lemma word_mat_entries_ge:
  assumes "set ds \<subseteq> lehner_digits" "ds \<noteq> []" "word_mat ds = (p,q,s,t)"
  shows "s \<le> p" "1 \<le> s"
proof -
  have "s \<le> p \<and> 1 \<le> s" using assms
  proof (induction ds arbitrary: p q s t)
    case (Cons x xs)
    obtain p1 q1 s1 t1 where m: "word_mat xs = (p1,q1,s1,t1)" by (cases "word_mat xs")
    have "word_mat (x # xs) = (fst x * p1 + snd x * s1, fst x * q1 + snd x * t1, p1, q1)"
      using m by (simp add: digit_mat_def)
    moreover have "xs = [] \<or> s1 \<le> p1 \<and> 1 \<le> s1" using Cons m by auto
    ultimately show ?case using Cons.prems m by (auto simp: lehner_digits_def)
  qed simp
  then show "s \<le> p" "1 \<le> s" by auto
qed

lemma lehner_map_ge_1: "set ds \<subseteq> lehner_digits \<Longrightarrow> v \<ge> 1 \<Longrightarrow> lehner_map ds v \<ge> 1"
  by (induction ds) (auto intro: lehner_digit_ge_1)

lemma lehner_map_word_mat:
  assumes "set ds \<subseteq> lehner_digits" "v \<ge> 1" "word_mat ds = (p,q,s,t)"
  shows "of_int s * v + of_int t > 0"
    "lehner_map ds v = (of_int p * v + of_int q) / (of_int s * v + of_int t)"
proof -
  have "of_int s * v + of_int t > 0 \<and>
    lehner_map ds v = (of_int p * v + of_int q) / (of_int s * v + of_int t)"
    using assms
  proof (induction ds arbitrary: p q s t)
    case (Cons x xs)
    obtain p1 q1 s1 t1 where m: "word_mat xs = (p1,q1,s1,t1)" by (cases "word_mat xs")
    with Cons have IH: "of_int s1 * v + of_int t1 > 0"
      "lehner_map xs v = (of_int p1 * v + of_int q1) / (of_int s1 * v + of_int t1)" by auto
    moreover have "lehner_map xs v \<ge> 1" using Cons.prems lehner_map_ge_1 by simp
    ultimately have "of_int p1 * v + of_int q1 > 0" by (simp add: le_divide_eq)
    moreover have "p = fst x * p1 + snd x * s1" "q = fst x * q1 + snd x * t1" "s = p1" "t = q1"
      using Cons.prems(3) m by (auto simp: digit_mat_def)
    ultimately show ?case using IH(2) by (simp add: field_simps)
  qed simp
  then show "of_int s * v + of_int t > 0"
    "lehner_map ds v = (of_int p * v + of_int q) / (of_int s * v + of_int t)" by auto
qed

lemma dual_lehner_map_append: "dual_lehner_map (xs @ ys) u = dual_lehner_map xs (dual_lehner_map ys u)"
  by (induction xs) auto

lemma dual_lehner_map_word_mat:
  assumes "set ds \<subseteq> lehner_digits" "u > -1" "word_mat ds = (p,q,s,t)"
  shows "of_int s * u + of_int p > 0"
    "dual_lehner_map (rev ds) u = (of_int t * u + of_int q) / (of_int s * u + of_int p)"
proof -
  have "of_int s * u + of_int p > 0 \<and>
    dual_lehner_map (rev ds) u = (of_int t * u + of_int q) / (of_int s * u + of_int p)"
    using assms
  proof (induction ds arbitrary: p q s t u)
    case (Cons x xs)
    obtain p1 q1 s1 t1 where m: "word_mat xs = (p1,q1,s1,t1)" by (cases "word_mat xs")
    define A E where "A = of_int (fst x) + u" and "E = of_int (snd x) / A"
    have "A > 0" using Cons.prems(1,2) by (auto simp: A_def lehner_digits_def)
    have "E > -1" unfolding E_def A_def using dual_lehner_digit_gt_minus_1 Cons.prems by simp
    with Cons m have IH: "of_int s1 * E + of_int p1 > 0"
      "dual_lehner_map (rev xs) E = (of_int t1 * E + of_int q1) / (of_int s1 * E + of_int p1)" by auto
    have "p = fst x * p1 + snd x * s1" "q = fst x * q1 + snd x * t1" "s = p1" "t = q1"
      using Cons.prems(3) m by (auto simp: digit_mat_def)
    then have "of_int s1 * E + of_int p1 = (of_int s * u + of_int p) / A"
      "of_int t1 * E + of_int q1 = (of_int t * u + of_int q) / A"
      using \<open>A > 0\<close> by (simp_all add: A_def E_def field_simps)
    moreover have "dual_lehner_map (rev (x # xs)) u = dual_lehner_map (rev xs) E"
      by (simp add: dual_lehner_map_append A_def E_def)
    ultimately show ?case using IH \<open>A > 0\<close> by (simp add: zero_less_divide_iff)
  qed simp
  then show "of_int s * u + of_int p > 0"
    "dual_lehner_map (rev ds) u = (of_int t * u + of_int q) / (of_int s * u + of_int p)" by auto
qed

text \<open>A nonnegative matrix with \<open>a \<le> c\<close>, \<open>b \<le> d\<close> factors as \<open>farey_mat (2,-1)\<close> times
  \<open>(a, b, c - a, d - b)\<close> and as \<open>farey_mat (1,1)\<close> times \<open>(c - a, d - b, a, b)\<close>; unless it is one
  of the two generators, one of these smaller factors is again of the same shape.\<close>
lemma farey_reduction_step:
  fixes a b c d :: int
  assumes "0 \<le> a" "0 \<le> b" "a \<le> c" "b \<le> d" "\<bar>a*d - b*c\<bar> = 1"
    and "(a,b,c,d) \<noteq> (1,0,1,1)" "(a,b,c,d) \<noteq> (0,1,1,1)"
  shows "(a \<le> c - a \<and> b \<le> d - b) \<or> (c - a \<le> a \<and> d - b \<le> b)"
proof -
  consider "a*(d - b) - b*(c - a) = 1" | "(c - a)*b - (d - b)*a = 1"
    using assms(5) by (auto simp: algebra_simps abs_if split: if_splits)
  then show ?thesis
  proof cases
    case 1
    with assms show ?thesis using sl2_nonneg_comparable[of a b "c - a" "d - b"] by auto
  next
    case 2
    with assms show ?thesis using sl2_nonneg_comparable[of "c - a" "d - b" a b] by auto
  qed
qed

lemma farey_word_exists:
  fixes a b c d :: int
  assumes "0 \<le> a" "0 \<le> b" "a \<le> c" "b \<le> d" "\<bar>a*d - b*c\<bar> = 1"
  shows "\<exists>ds. ds \<noteq> [] \<and> set ds \<subseteq> lehner_digits \<and> farey_word_mat ds = (a,b,c,d)"
  using assms
proof (induction "nat (a + b + c + d)" arbitrary: a b c d rule: less_induct)
  case less
  have digits: "(2,-1) \<in> lehner_digits" "(1,1) \<in> lehner_digits" by (simp_all add: lehner_digits_def)
  have "a + b > 0"
  proof (rule ccontr)
    assume "\<not> a + b > 0"
    then have "a = 0" "b = 0" using less.prems(1,2) by auto
    then show False using less.prems(5) by simp
  qed
  have peel_first: ?case if le: "a \<le> c - a" "b \<le> d - b"
  proof -
    have "\<bar>a*(d - b) - b*(c - a)\<bar> = 1" using less.prems(5) by (simp add: algebra_simps)
    then obtain ds where "ds \<noteq> []" "set ds \<subseteq> lehner_digits" "farey_word_mat ds = (a, b, c - a, d - b)"
      using less.hyps[of a b "c - a" "d - b"] less.prems \<open>a + b > 0\<close> le by fastforce
    then show ?thesis using digits by (intro exI[of _ "(2,-1) # ds"]) (simp add: farey_mat_def)
  qed
  have peel_second: ?case if le: "c - a \<le> a" "d - b \<le> b"
  proof -
    have "\<bar>(c - a)*b - (d - b)*a\<bar> = 1"
      using less.prems(5) by (simp add: algebra_simps abs_minus_commute)
    then obtain ds where "ds \<noteq> []" "set ds \<subseteq> lehner_digits" "farey_word_mat ds = (c - a, d - b, a, b)"
      using less.hyps[of "c - a" "d - b" a b] less.prems \<open>a + b > 0\<close> le by fastforce
    then show ?thesis using digits by (intro exI[of _ "(1,1) # ds"]) (simp add: farey_mat_def)
  qed
  show ?case
  proof (cases "(a,b,c,d) = (1,0,1,1) \<or> (a,b,c,d) = (0,1,1,1)")
    case True
    then show ?thesis
    proof
      assume "(a,b,c,d) = (1,0,1,1)"
      then show ?thesis using digits by (intro exI[of _ "[(2,-1)]"]) (simp add: farey_mat_def)
    next
      assume "(a,b,c,d) = (0,1,1,1)"
      then show ?thesis using digits by (intro exI[of _ "[(1,1)]"]) (simp add: farey_mat_def)
    qed
  next
    case False
    then show ?thesis using farey_reduction_step[OF less.prems] peel_first peel_second by blast
  qed
qed

lemma translates_axis_word_form:
  assumes "translates_axis P N l"
  shows "\<exists>ds \<alpha> \<beta> \<gamma> \<delta>. sl2z_conj P N (word_mat ds) (\<alpha>,\<beta>,\<gamma>,\<delta>) \<and>
    translates_axis (word_mat ds) (\<alpha>,\<beta>,\<gamma>,\<delta>) l \<and> ds \<noteq> [] \<and> set ds \<subseteq> lehner_digits \<and>
    1 < \<alpha>/\<gamma> \<and> \<alpha>/\<gamma> < 2 \<and> \<beta>/\<delta> < 1"
proof -
  obtain a b c d \<alpha> \<beta> \<gamma> \<delta> where C: "sl2z_conj P N (a,b,c,d) (\<alpha>,\<beta>,\<gamma>,\<delta>)"
    and T: "translates_axis (a,b,c,d) (\<alpha>,\<beta>,\<gamma>,\<delta>) l"
    and "0 \<le> a" "0 \<le> b" "a \<le> c" "b \<le> d" and x: "0 < \<alpha>/\<gamma>" "\<alpha>/\<gamma> < 1" and y: "\<beta>/\<delta> < 0"
    using translates_axis_normal_form[OF assms] by blast
  moreover have "\<bar>a*d - b*c\<bar> = 1" using T by (simp add: translates_axis_def)
  ultimately obtain ds where ds: "ds \<noteq> []" "set ds \<subseteq> lehner_digits" "farey_word_mat ds = (a,b,c,d)"
    using farey_word_exists by blast
  have "\<gamma> \<noteq> 0" "\<delta> \<noteq> 0" using translates_axis_nondegenerate[OF T] by auto
  have C': "sl2z_conj P N (word_mat ds) (\<alpha> + \<gamma>, \<beta> + \<delta>, \<gamma>, \<delta>)"
    using sl2z_conj_trans[OF C sl2z_conjI[of "(1,1,0,1)"]] word_mat_eq_conj[OF ds(2)] ds(3) by simp
  moreover have "translates_axis (word_mat ds) (\<alpha> + \<gamma>, \<beta> + \<delta>, \<gamma>, \<delta>) l"
    using sl2z_conj_translates_axis[OF C' assms] .
  moreover have "(\<alpha> + \<gamma>)/\<gamma> = \<alpha>/\<gamma> + 1" "(\<beta> + \<delta>)/\<delta> = \<beta>/\<delta> + 1"
    using \<open>\<gamma> \<noteq> 0\<close> \<open>\<delta> \<noteq> 0\<close> by (simp_all add: field_simps)
  ultimately show ?thesis using ds x y
    by (intro exI[of _ ds] exI[of _ "\<alpha> + \<gamma>"] exI[of _ "\<beta> + \<delta>"] exI[of _ \<gamma>] exI[of _ \<delta>]) simp
qed

section \<open>Purely periodic Lehner expansions\<close>

definition cycle :: "'a list \<Rightarrow> nat \<Rightarrow> 'a" where
  "cycle xs i = xs ! (i mod length xs)"

text \<open>The digits of the backward endpoint: the period read backwards, each Lehner digit
  \<open>(a,\<epsilon>)\<close> entering \<open>fconv\<close> as the pair \<open>(\<epsilon>, a)\<close>.\<close>
definition dual_cycle :: "(int \<times> int) list \<Rightarrow> nat \<Rightarrow> int \<times> int" where
  "dual_cycle ds j = (snd (ds ! (length ds - 1 - j mod length ds)),
                      fst (ds ! (length ds - 1 - j mod length ds)))"

lemma cycle_in_set: "xs \<noteq> [] \<Longrightarrow> cycle xs i \<in> set xs"
  by (simp add: cycle_def)

lemma dual_cycle_in_set: "ds \<noteq> [] \<Longrightarrow> (snd (dual_cycle ds j), fst (dual_cycle ds j)) \<in> set ds"
  by (simp add: dual_cycle_def)

lemma lconv_ge_1: "(\<And>i. d i \<in> lehner_digits) \<Longrightarrow> lconv d n \<ge> 1"
proof (induction n arbitrary: d)
  case 0
  have "d 0 \<in> lehner_digits" by (rule "0.prems")
  then show ?case by (auto simp: lehner_digits_def)
qed (simp add: lehner_digit_ge_1)

lemma fconv_gt_minus_1: "(\<And>i. (snd (e i), fst (e i)) \<in> lehner_digits) \<Longrightarrow> fconv e n > -1"
proof (induction n arbitrary: e)
  case 0
  have "(snd (e 0), fst (e 0)) \<in> lehner_digits" by (rule "0.prems")
  then show ?case by (auto simp: lehner_digits_def)
next
  case (Suc n)
  have "fconv (\<lambda>i. e (Suc i)) n > -1" using Suc by simp
  then show ?case using dual_lehner_digit_gt_minus_1[OF Suc.prems[of 0]] by simp
qed

lemma lconv_shift:
  "(\<And>i. i < length xs \<Longrightarrow> d i = xs ! i) \<Longrightarrow>
    lconv d (n + length xs) = lehner_map xs (lconv (\<lambda>i. d (i + length xs)) n)"
proof (induction xs arbitrary: d)
  case (Cons x xs)
  from Cons.prems have "lconv (\<lambda>i. d (Suc i)) (n + length xs)
      = lehner_map xs (lconv (\<lambda>i. d (Suc (i + length xs))) n)"
    using Cons.IH[of "\<lambda>i. d (Suc i)"] by fastforce
  with Cons.prems[of 0] show ?case by simp
qed simp

lemma fconv_shift:
  "(\<And>i. i < length xs \<Longrightarrow> e i = (snd (xs ! i), fst (xs ! i))) \<Longrightarrow>
    fconv e (n + length xs) = dual_lehner_map xs (fconv (\<lambda>i. e (i + length xs)) n)"
proof (induction xs arbitrary: e)
  case (Cons x xs)
  from Cons.prems have "fconv (\<lambda>i. e (Suc i)) (n + length xs)
      = dual_lehner_map xs (fconv (\<lambda>i. e (Suc (i + length xs))) n)"
    using Cons.IH[of "\<lambda>i. e (Suc i)"] by fastforce
  with Cons.prems[of 0] show ?case by simp
qed simp

lemma lconv_cycle_step:
  "ds \<noteq> [] \<Longrightarrow> lconv (cycle ds) (n + length ds) = lehner_map ds (lconv (cycle ds) n)"
proof -
  assume "ds \<noteq> []"
  have "\<And>i. i < length ds \<Longrightarrow> cycle ds i = ds ! i" by (simp add: cycle_def)
  moreover have "(\<lambda>i. cycle ds (i + length ds)) = cycle ds" by (rule ext) (simp add: cycle_def)
  ultimately show ?thesis using lconv_shift[of ds "cycle ds" n] by simp
qed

_What is expected_: Output exactly the lines of the material above from the one containing "(fconv (\<lambda>i. e (Suc" up to and including the one containing "< length ds".

_Finished exercise_:
      = dual_lehner_map xs (fconv (\<lambda>i. e (Suc (i + length xs))) n)"
    using Cons.IH[of "\<lambda>i. e (Suc i)"] by fastforce
  with Cons.prems[of 0] show ?case by simp
qed simp

lemma lconv_cycle_step:
  "ds \<noteq> [] \<Longrightarrow> lconv (cycle ds) (n + length ds) = lehner_map ds (lconv (cycle ds) n)"
proof -
  assume "ds \<noteq> []"
  have "\<And>i. i < length ds \<Longrightarrow> cycle ds i = ds ! i" by (simp add: cycle_def)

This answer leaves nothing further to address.